Prinsengracht 774hs – gezin Chottel
Op de Prinsengracht 774 zijn in mei/juni 2022 twee Stolpersteinen geplaatst voor Rika Pöttgens – Chottel (Amsterdam, – Auschwitz, ) en haar dochter Helena Hanna Pöttgens. Wat is het verhaal?
De vader van Rika, koopman Gaje Chottel (Ossaran, – Amsterdam, ) kwam uit Rusland. Hij trouwde daar op 11 mei 1880 in Ossen, Duitsland, met Taube Jossum (Ossaran Rusland, augustus 1861 – Den Haag, 5 augustus 1932) en zij kregen de volgende kinderen: Joel (Ossaran, 10 december 1881 – Auschwitz, 14 september 1942), Aaron (Amsterdam, 10 maart 1884 – Auschwitz, 30 september 1942), Rebecca (Amsterdam, 3 oktober 1885 – Zwolle, 5 mei 1936), Israël (Amsterdam, 31 januari 1889 – Auschwitz, 22 oktober 1942), Bertha (Amsterdam, 15 november 1889), Abraham (Amsterdam, 14 maart 1891 – Soesterberg, 14 september 1963) en Rika.
Rond 1882 kwam of vluchtte het gezin naar Amsterdam. Ze vonden hun draai in Mokum en de verschillende kinderen trouwden met partners in de stad. Rika trouwde met Emil Heinrich Hermann Pöttgens (Essen, 3 december 1888) uit Duitsland op 8 februari 1923. Een jaar later, op 11 november 1924, overleed Emil. Zijn dochter Helena (Helene) was inmiddels geboren op 21 april 1924. Ten tijde van zijn overlijden woonde het gezin van Emil ook op de Prinsengracht 774, en ten tijde van de oorlog woonde Rika en Helena daar nog steeds. Helena werd wel gearresteerd maar weer vrijgelaten, Rika werd op 3 november 1944 gedeporteerd naar Auschwitz.

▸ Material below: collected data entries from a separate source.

theorem theorem2:
  shows
  "(\<forall>(G::('g, 'm) monoid_scheme) Gp Gm \<xi> \<eta>.
      factorization_triple G Gp Gm \<xi> \<eta> \<longrightarrow>
      (let A = plus1 G Gp \<xi>; AG = G\<lparr>carrier := A\<rparr>; HG = G\<lparr>carrier := Gm\<rparr> in
        action_by_aut HG AG (conjg G) \<and>
        (\<lambda>s. fst s \<otimes>\<^bsub>G\<^esub> snd s) \<in> iso (semidirect AG HG (conjg G)) G \<and>
        (\<exists>\<zeta>. zeta_eq G Gp \<xi> \<zeta> \<and> one_cycle AG HG (conjg G) \<zeta>) \<and>
        (\<exists>F. F_eq G Gp Gm \<xi> \<eta> F \<and> F \<in> iso G G \<and>
             (\<forall>x\<in>Gm. F x = x) \<and> (\<forall>a\<in>A. F a \<otimes>\<^bsub>G\<^esub> a \<in> Gm))))
   \<and>
   (\<forall>(A::('a, 'b) monoid_scheme) (H::('h, 'c) monoid_scheme) \<phi> \<zeta> F.
      cycle_triple A H \<phi> \<zeta> F \<longrightarrow>
      factorization_triple (semidirect A H \<phi>) (Gplus_of A H \<phi> \<zeta>) (Gminus_of A H)
        (xi_of A H) (eta_of A H \<phi> F))
   \<and>
   (\<forall>(G::('g, 'm) monoid_scheme) Gp Gm \<xi> \<eta> \<zeta> F.
      factorization_triple G Gp Gm \<xi> \<eta> \<and> zeta_eq G Gp \<xi> \<zeta> \<and> F_eq G Gp Gm \<xi> \<eta> F \<longrightarrow>
      (let A = plus1 G Gp \<xi>; AG = G\<lparr>carrier := A\<rparr>; HG = G\<lparr>carrier := Gm\<rparr>;
           S = semidirect AG HG (conjg G);
           \<iota> = (\<lambda>s. fst s \<otimes>\<^bsub>G\<^esub> snd s);
           FS = (\<lambda>s. inv_into (carrier S) \<iota> (F (\<iota> s))) in
        cycle_triple AG HG (conjg G) \<zeta> FS \<and>
        \<iota> ` Gplus_of AG HG (conjg G) \<zeta> = Gp \<and>
        (\<forall>g\<in>Gplus_of AG HG (conjg G) \<zeta>.
           \<iota> (xi_of AG HG g) = \<xi> (\<iota> g) \<and> \<iota> (eta_of AG HG (conjg G) FS g) = \<eta> (\<iota> g))))
   \<and>
   (\<forall>(A::('a, 'b) monoid_scheme) (H::('h, 'c) monoid_scheme) \<phi> \<zeta> F.
      cycle_triple A H \<phi> \<zeta> F \<longrightarrow>
      (let S = semidirect A H \<phi>; Gp = Gplus_of A H \<phi> \<zeta>; Gm = Gminus_of A H;
           \<xi> = xi_of A H; \<eta> = eta_of A H \<phi> F in
        plus1 S Gp \<xi> = inA A H ` carrier A \<and>
        (\<forall>x\<in>carrier H. \<forall>a\<in>carrier A. conjg S (inH A H x) (inA A H a) = inA A H (\<phi> x a)) \<and>
        (\<forall>\<zeta>'. zeta_eq S Gp \<xi> \<zeta>' \<longrightarrow> (\<forall>a\<in>carrier A. \<zeta>' (inA A H a) = inH A H (\<zeta> a))) \<and>
        (\<forall>F'. F_eq S Gp Gm \<xi> \<eta> F' \<longrightarrow> (\<forall>s\<in>carrier S. F' s = F s))))"
  apply (intro conjI allI impI; (unfold Let_def)?; (elim conjE)?)
  subgoal premises triple for G Gp Gm \<xi> \<eta>
  proof -
    interpret factorization_datum G Gp Gm \<xi> \<eta> by (rule factorization_datum.intro[OF triple])
    show ?thesis using semidirect_of_factorization by simp
  qed
  subgoal premises triple for A H \<phi> \<zeta> F
    by (rule cycle_datum.factorization_triple_semidirect[OF cycle_datum.intro[OF triple]])
  subgoal premises prems for G Gp Gm \<xi> \<eta> \<zeta> F
  proof -
    interpret factorization_cycle G Gp Gm \<xi> \<eta> F \<zeta> by unfold_locales (rule prems)+
    show ?thesis using cycle_triple_transport iota_Gplus_of xi_of_transport eta_of_transport by simp
  qed
  subgoal premises triple for A H \<phi> \<zeta> F
  proof -
    interpret cycle_datum A H \<phi> \<zeta> F by (rule cycle_datum.intro[OF triple])
    show ?thesis
      using plus1_Gplus_of conjg_inH_inA zeta_eq_semidirect F_eq_semidirect by (simp add: inA_def)
  qed
  done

Prinsengracht 796 – Einsatzstab Rosenberg
Kantoor van de M-aktion (Möbel-Aktion) waar de administratie werd gedaan rond de  gestolen Joodse inboedels die naar Hitler-Duitsland werden geëxporteerd.

Prinsengracht 796hs – familie Premsela
Hier woonde de familie Premsela. Dit gezin was Joods. Vader Benedictus kwam op 1 september 1944 in Auschwitz om, moeder Rosalie op 6 oktober 1944 in Auschwitz, dochter Elly op 11 februari 1943 in Auschwitz. Robert en Benno Premsela overleefden de oorlog. Benno werd een beroemd ontwerper en zat samen met Hugo van Win in de klas op de Reguliersschool.

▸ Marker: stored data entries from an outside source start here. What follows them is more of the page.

lemma exists_multiple_in_window:
  fixes u lo hi d :: int
  assumes "0 < d" "u \<le> hi" "lo + d \<le> hi + 1"
  shows "\<exists>m::nat. lo \<le> u + int m * d \<and> u + int m * d \<le> hi \<and> int m * d < max (lo - u) 0 + d"
proof (cases "lo \<le> u")
  case True
  then show ?thesis
    using assms by (intro exI[of _ 0]) auto
next
  case False
  define q where "q = (lo - u - 1) div d"
  define r where "r = (lo - u - 1) mod d"
  have qr: "lo - u - 1 = q * d + r" "0 \<le> r" "r < d"
    using assms(1) by (simp_all add: q_def r_def)
  have "0 \<le> q"
    using False assms(1) by (simp add: q_def pos_imp_zdiv_nonneg_iff)
  then have "int (nat (q + 1)) * d = q * d + d"
    by (simp add: algebra_simps)
  then show ?thesis
    using qr assms False by (intro exI[of _ "nat (q + 1)"]) auto
qed

lemma exists_detour_up:
  assumes "s \<in> S" "t \<in> T" "0 < t" "s + t \<le> n" "u \<in> {1..int n}"
  shows "\<exists>m. m * t < s + t \<and> valid_steps n S T u (replicate m (- int t) @ [int s])"
proof -
  obtain m :: nat where m: "int s - int n \<le> - u + int m * int t" "- u + int m * int t \<le> - 1"
      "int m * int t < max (int s - int n + u) 0 + int t"
    using exists_multiple_in_window[of "int t" "- u" "- 1" "int s - int n"] assms by auto
  have "valid_steps n S T u (replicate m (- int t))"
    using m assms by (intro valid_steps_replicate) (auto simp: step_set_def)
  moreover have "valid_steps n S T (u - int m * int t) [int s]"
    using m assms by (auto simp: step_set_def)
  moreover have "m * t < s + t"
    using m(3) assms(5) by (simp flip: of_nat_mult) linarith
  ultimately show ?thesis
    by (intro exI[of _ m]) (simp add: valid_steps_append sum_list_replicate)
qed

lemma exists_detour_down:
  assumes "t \<in> T" "s \<in> S" "0 < s" "s + t \<le> n" "u \<in> {1..int n}"
  shows "\<exists>m. m * s < t + s \<and> valid_steps n S T u (replicate m (int s) @ [- int t])"
proof -
  obtain m :: nat where m: "int t + 1 \<le> u + int m * int s" "u + int m * int s \<le> int n"
      "int m * int s < max (int t + 1 - u) 0 + int s"
    using exists_multiple_in_window[of "int s" u "int n" "int t + 1"] assms by auto
  have "valid_steps n S T u (replicate m (int s))"
    using m assms by (intro valid_steps_replicate) (auto simp: step_set_def)
  moreover have "valid_steps n S T (u + int m * int s) [- int t]"
    using m assms by (auto simp: step_set_def)
  moreover have "m * s < t + s"
    using m(3) assms(5) by (simp flip: of_nat_mult) linarith
  ultimately show ?thesis
    by (intro exI[of _ m]) (simp add: valid_steps_append sum_list_replicate)
qed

Prinsengracht 828hs – Riphagen
Tot mei 1942 woonde hier de crimineel en oorlogsmisdadiger Bernardus Andreas Riphagen (Amsterdam, 7 september 1909 – Gilon, 13 mei 1973). Riphagen ontsnapte uit Nederland met behulp van het Bureau Nationale Veiligheid, de voorloper van de BVD. Riphagen is verantwoordelijk voor de dood van vele Joodse Amsterdammers die hij eerst financieel kaal plukte en vervolgens op transport liet stellen. Verder was speelde hij een belangrijke rol bij het laten oprollen van de verzetsgroep “Persoonsbewijzencentrale” waarbij Gerhard Badrian werd doodgeschoten. Persoonlijke wrok leidde tot de deportatie en moord op Simon Bacharach.

Prinsengracht 846 – Neon-Verduin
In de jaren vijftig van de vorige eeuw was hier de neon-zaak gevestigd van glasblazer Bernard Verduin (Amsterdam, 30 april 1900).

pg876Prinsengracht 876 – Dio Remiëns
Dio Remiëns en Nel van den Brink woonden hier. Vanuit dit huis vertrokken de mensen die de aanslag op het bevolkingsregister op de Plantage Kerklaan uitvoerden.

Prinsengracht 927 – Elisabeth Wolffschool
Hier was de Elisabeth Wolffschool gevestigd.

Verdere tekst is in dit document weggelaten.